In the first half of its financial year ended on Feb. 28, the British online retailer Asos more than tripled pre-tax profits to a record £106.4 million (€122.8m-$145.8m). The company raised its expectations for the full year as it continues to benefit from the Covid-19 pandemic.

While the switch to online shopping during the retail lockdowns boosted trading, Asos was cautious over the uncertain economic outlook for its core 20-something customers and warned that shopping habits would change once clothing stores reopen in England and Wales on April 12. “In the coming months we expect a portion of consumer demand will move back to stores as restrictions are eased throughout our markets, but we expect online penetration to remain structurally higher than pre-Covid-19 levels,” Asos said.

Pre-tax profits for the six months to Feb. 28 surged by 253 percent to £48.5 million (€56.2m-$66.7m) as group revenues rose by 24 percent to £1.97 billion (€2.3bn-$2.7bn).

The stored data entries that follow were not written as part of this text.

(* For every integer $k\geq 6$ and every integer $t$ with $(k-1)(k-2)+1\leq t\leq k(k-1)$, we have $rx_3(K_{2,t})=k$.
   Context: An edge coloring of a graph $G$ is any assignment of colors to the edges (adjacent edges may receive the same color). A tree $T$ in an edge-colored graph is a rainbow tree if no two edges of $T$ have the same color. For $S\subseteq V(G)$, an $S$-tree is a subtree of $G$ containing all vertices of $S$. A $3$-rainbow coloring of $G$ is an edge coloring such that for every set $S$ of $3$ vertices of $G$ there is a rainbow $S$-tree in $G$. The $3$-rainbow index $rx_3(G)$ is the minimum number of colors in a $3$-rainbow coloring of $G$. $K_{2,t}$ denotes the complete bipartite graph with parts of sizes $2$ and $t$. *)

theory Defs
  imports Main
begin

definition simple_graph :: "'a set \<Rightarrow> 'a set set \<Rightarrow> bool" where
  "simple_graph V E \<longleftrightarrow> finite V \<and> (\<forall>e\<in>E. e \<subseteq> V \<and> card e = 2)"

definition is_subgraph :: "'a set \<Rightarrow> 'a set set \<Rightarrow> 'a set \<Rightarrow> 'a set set \<Rightarrow> bool" where
  "is_subgraph VT ET V E \<longleftrightarrow> VT \<subseteq> V \<and> ET \<subseteq> E \<and> (\<forall>e\<in>ET. e \<subseteq> VT)"

definition connected_graph :: "'a set \<Rightarrow> 'a set set \<Rightarrow> bool" where
  "connected_graph VT ET \<longleftrightarrow>
     (\<forall>x\<in>VT. \<forall>y\<in>VT. (\<lambda>a b. {a, b} \<in> ET)\<^sup>*\<^sup>* x y)"

definition has_cycle :: "'a set set \<Rightarrow> bool" where
  "has_cycle ET \<longleftrightarrow> (\<exists>vs. length vs \<ge> 3 \<and> distinct vs \<and>
     (\<forall>i < length vs. {vs ! i, vs ! ((i + 1) mod length vs)} \<in> ET))"

definition is_tree :: "'a set \<Rightarrow> 'a set set \<Rightarrow> bool" where
  "is_tree VT ET \<longleftrightarrow> VT \<noteq> {} \<and> connected_graph VT ET \<and> \<not> has_cycle ET"

definition is_S_tree :: "'a set \<Rightarrow> 'a set set \<Rightarrow> 'a set \<Rightarrow> 'a set \<Rightarrow> 'a set set \<Rightarrow> bool" where
  "is_S_tree V E S VT ET \<longleftrightarrow> is_subgraph VT ET V E \<and> is_tree VT ET \<and> S \<subseteq> VT"

definition rainbow :: "('a set \<Rightarrow> nat) \<Rightarrow> 'a set set \<Rightarrow> bool" where
  "rainbow c ET \<longleftrightarrow> inj_on c ET"

definition three_rainbow_coloring :: "'a set \<Rightarrow> 'a set set \<Rightarrow> ('a set \<Rightarrow> nat) \<Rightarrow> bool" where
  "three_rainbow_coloring V E c \<longleftrightarrow>
     (\<forall>S. S \<subseteq> V \<and> card S = 3 \<longrightarrow>
        (\<exists>VT ET. is_S_tree V E S VT ET \<and> rainbow c ET))"

definition rx3 :: "'a set \<Rightarrow> 'a set set \<Rightarrow> nat" where
  "rx3 V E = (LEAST n. \<exists>c. three_rainbow_coloring V E c \<and> card (c ` E) = n)"

definition K2t_V :: "nat \<Rightarrow> (nat + nat) set" where
  "K2t_V t = {Inl 0, Inl 1} \<union> Inr ` {..<t}"

definition K2t_E :: "nat \<Rightarrow> (nat + nat) set set" where
  "K2t_E t = {{Inl i, Inr j} | i j. i < 2 \<and> j < t}"

end

theory Submission
  imports Defs
begin
lemma averages_asymptotically_invariant:
  assumes \<rho>: "\<And>k. \<rho> k \<ge> 0" "\<And>k. N (\<rho> k + real (Suc k)) \<le> (1 + 1 / real (Suc k)) * N (\<rho> k)"
    and g: "g \<in> carrier G" and "\<epsilon> > 0"
  shows "eventually (\<lambda>k. \<alpha> g (average (\<rho> k)) - average (\<rho> k) \<in> scaled_differences \<epsilon> Q) sequentially"
proof (rule eventually_sequentiallyI)
  fix k assume k: "nat \<lceil>max (l g) (1 / \<epsilon>)\<rceil> \<le> k"
  then have "l g \<le> real (Suc k)" "1 / \<epsilon> \<le> real (Suc k)" by linarith+
  define r where "r = \<rho> k"
  have "N r \<ge> 1" using growth_fun_ge_1 \<rho>(1) by (simp add: r_def)
  have "N (r + l g) - N r \<le> N (r + real (Suc k)) - N r"
    using growth_fun_mono[of "r + l g"] \<rho>(1) length_nonneg[OF g] \<open>l g \<le> real (Suc k)\<close>
    by (simp add: r_def)
  also have "\<dots> \<le> (1 / real (Suc k)) * N r"
    using \<rho>(2)[of k] by (simp add: r_def algebra_simps)
  finally have "(N (r + l g) - N r) / N r \<le> 1 / real (Suc k)"
    using \<open>N r \<ge> 1\<close> by (simp add: divide_le_eq)
  also have "\<dots> \<le> \<epsilon>"
    using \<open>1 / \<epsilon> \<le> real (Suc k)\<close> \<open>\<epsilon> > 0\<close> by (simp add: divide_le_eq mult.commute)
  finally show "\<alpha> g (average (\<rho> k)) - average (\<rho> k) \<in> scaled_differences \<epsilon> Q"
    using average_almost_invariant[OF \<rho>(1) g] scaled_differences_mono unfolding r_def by blast
qed

end


theorem proposition4p5:
  fixes G :: "('g, 'b) monoid_scheme" and H S :: "'g set" and l :: "'g \<Rightarrow> real"
  assumes "hecke_pair G H"
    and "finite S" and "generates_hecke G H S"
    and "length_function G H l"
    and "subexp_growth G H l"
  shows "hecke_amenable_in TYPE('v::{real_vector, t2_space}) G H"
  unfolding hecke_amenable_in_def
proof (intro impI allI)
  fix Q :: "'v set" and \<alpha> :: "'g \<Rightarrow> 'v \<Rightarrow> 'v"
  assume "lctvs TYPE('v)"
  then have add: "continuous_on UNIV (\<lambda>p::'v \<times> 'v. fst p + snd p)"
    and scale: "continuous_on UNIV (\<lambda>p::real \<times> 'v. fst p *\<^sub>R snd p)"
    unfolding lctvs_def by auto
  assume "compact Q \<and> convex Q \<and> affine_action_on G Q \<alpha> \<and> (\<exists>q\<in>Q. \<forall>h\<in>H. \<alpha> h q = q)"
  then obtain q0 where "compact Q" "convex Q" "affine_action_on G Q \<alpha>" "q0 \<in> Q" "\<forall>h\<in>H. \<alpha> h q0 = q0"
    by blast
  with assms(1,4,5) have hecke: "hecke_affine_action G H l Q \<alpha> q0"
    unfolding hecke_affine_action_def hecke_pair_def subexp_growth_def by simp
  interpret hecke_affine_action G H l Q \<alpha> q0 by (fact hecke)
  have lim: "((\<lambda>r. ln (N r) / r) \<longlongrightarrow> 0) at_top"
    using assms(5) unfolding subexp_growth_def by simp
  have "\<exists>r\<ge>0. N (r + real (Suc k)) \<le> (1 + 1 / real (Suc k)) * N r" for k
    by (rule subexponential_growth_imp_slow_shell[OF growth_fun_ge_1 lim zero_less_Suc])
  then obtain \<rho> where \<rho>: "\<And>k. \<rho> k \<ge> 0" "\<And>k. N (\<rho> k + real (Suc k)) \<le> (1 + 1 / real (Suc k)) * N (\<rho> k)"
    by metis
  obtain p where "p \<in> Q" and fixed: "\<And>T. continuous_on Q T \<Longrightarrow>
      ((\<lambda>k. T (average (\<rho> k)) - average (\<rho> k)) \<longlongrightarrow> 0) sequentially \<Longrightarrow> T p = p"
    using compact_asymptotically_invariant_cluster_point[where q = "\<lambda>k. average (\<rho> k)",
          OF add \<open>compact Q\<close> average_in[OF \<rho>(1)]] by blast
  have "\<alpha> g p = p" if "g \<in> carrier G" for g
    by (intro fixed action_continuous that tendsto_zero_scaled_differences[OF add scale \<open>compact Q\<close>]
        averages_asymptotically_invariant[OF \<rho> that])
  then show "\<exists>q\<in>Q. \<forall>g\<in>carrier G. \<alpha> g q = q" using \<open>p \<in> Q\<close> by blast
qed

end
(* Assume the standing hypotheses and definitions in the context. Then $H(t,G(t,y))=y$ for all $t\in\mathbb{R}$ and $y\in\mathbb{R}^n$.
   Context: Standing hypotheses: $A:\mathbb{R}\to\mathbb{R}^{n\times n}$ is continuous and bounded, $T(t,s)$ is the evolution operator of $x'=A(t)x$. $\mu:\mathbb{R}\to(0,\infty)$ is an increasing differentiable growth rate: $\mu(0)=1$, $\lim_{t\to-\infty}\mu(t)=0$, $\lim_{t\to+\infty}\mu(t)=+\infty$. The system $x'=A(t)x$ admits an algebraic dichotomy: projections $P(s)$, $Q(s)=I-P(s)$, constants $K,\alpha>0$ with $T(t,s)P(s)=P(t)T(t,s)$, $\|T(t,s)P(s)\|\le K(\mu(t)/\mu(s))^{-\alpha}$ ($t\ge s$), $\|T(t,s)Q(s)\|\le K(\mu(s)/\mu(t))^{-\alpha}$ ($t\le s$). $f:\mathbb{R}\times\mathbb{R}^n\to\mathbb{R}^n$ is continuous, $\|f(t,x)\|\le\beta\mu'(t)\mu^{-1}(t)$, $\|f(t,x_1)-f(t,x_2)\|\le\gamma\mu'(t)\mu^{-1}(t)\|x_1-x_2\|$ for constants $\beta,\gamma\ge0$, and $6K\gamma\alpha^{-1}<1$. $X(t,\tau,\xi)$ (resp. $Y(t,\tau,\xi)$) is the solution of $x'=A(t)x+f(t,x)$ (resp. $x'=A(t)x$) with value $\xi$ at $t=\tau$. $h(t,(\tau,\xi))$ is the unique solution bounded on $\mathbb{R}$ of $Z'=A(t)Z-f(t,X(t,\tau,\xi))$, and $g(t,(\tau,\xi))$ the unique solution bounded on $\mathbb{R}$ of $Z'=A(t)Z+f(t,Y(t,\tau,\xi)+Z)$ (both exist and are unique under these hypotheses). Define $H(t,x)=x+h(t,(t,x))$ and $G(t,y)=y+g(t,(t,y))$. *)

theory Defs
  imports "HOL-Analysis.Analysis"
begin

Full-year expectations were lifted in line with the first half-performance, while second-half guidance remained unchanged.

Strong growth was reported in “lockdown” clothing categories, including a 68 percent rise in activewear sales. The number of active customers rose by 1.5 million to 24.9 million despite a fall in “event-led” sales for formalwear.

The company hailed an “exceptional” performance in the U.K., where sales rose by 39 percent. The EU saw sales grow by 18 percent, while the U.S. and rest of world each had growth of 16 percent.

The management said that it has “seamlessly” integrated the Topshop and Miss Selfridge brands as well as the activewear label HIIT, into its platform, achieving “great early customer momentum.” They were all acquired from the bankrupt Arcadia Group for £330 million (€382.5m-$454m) in February.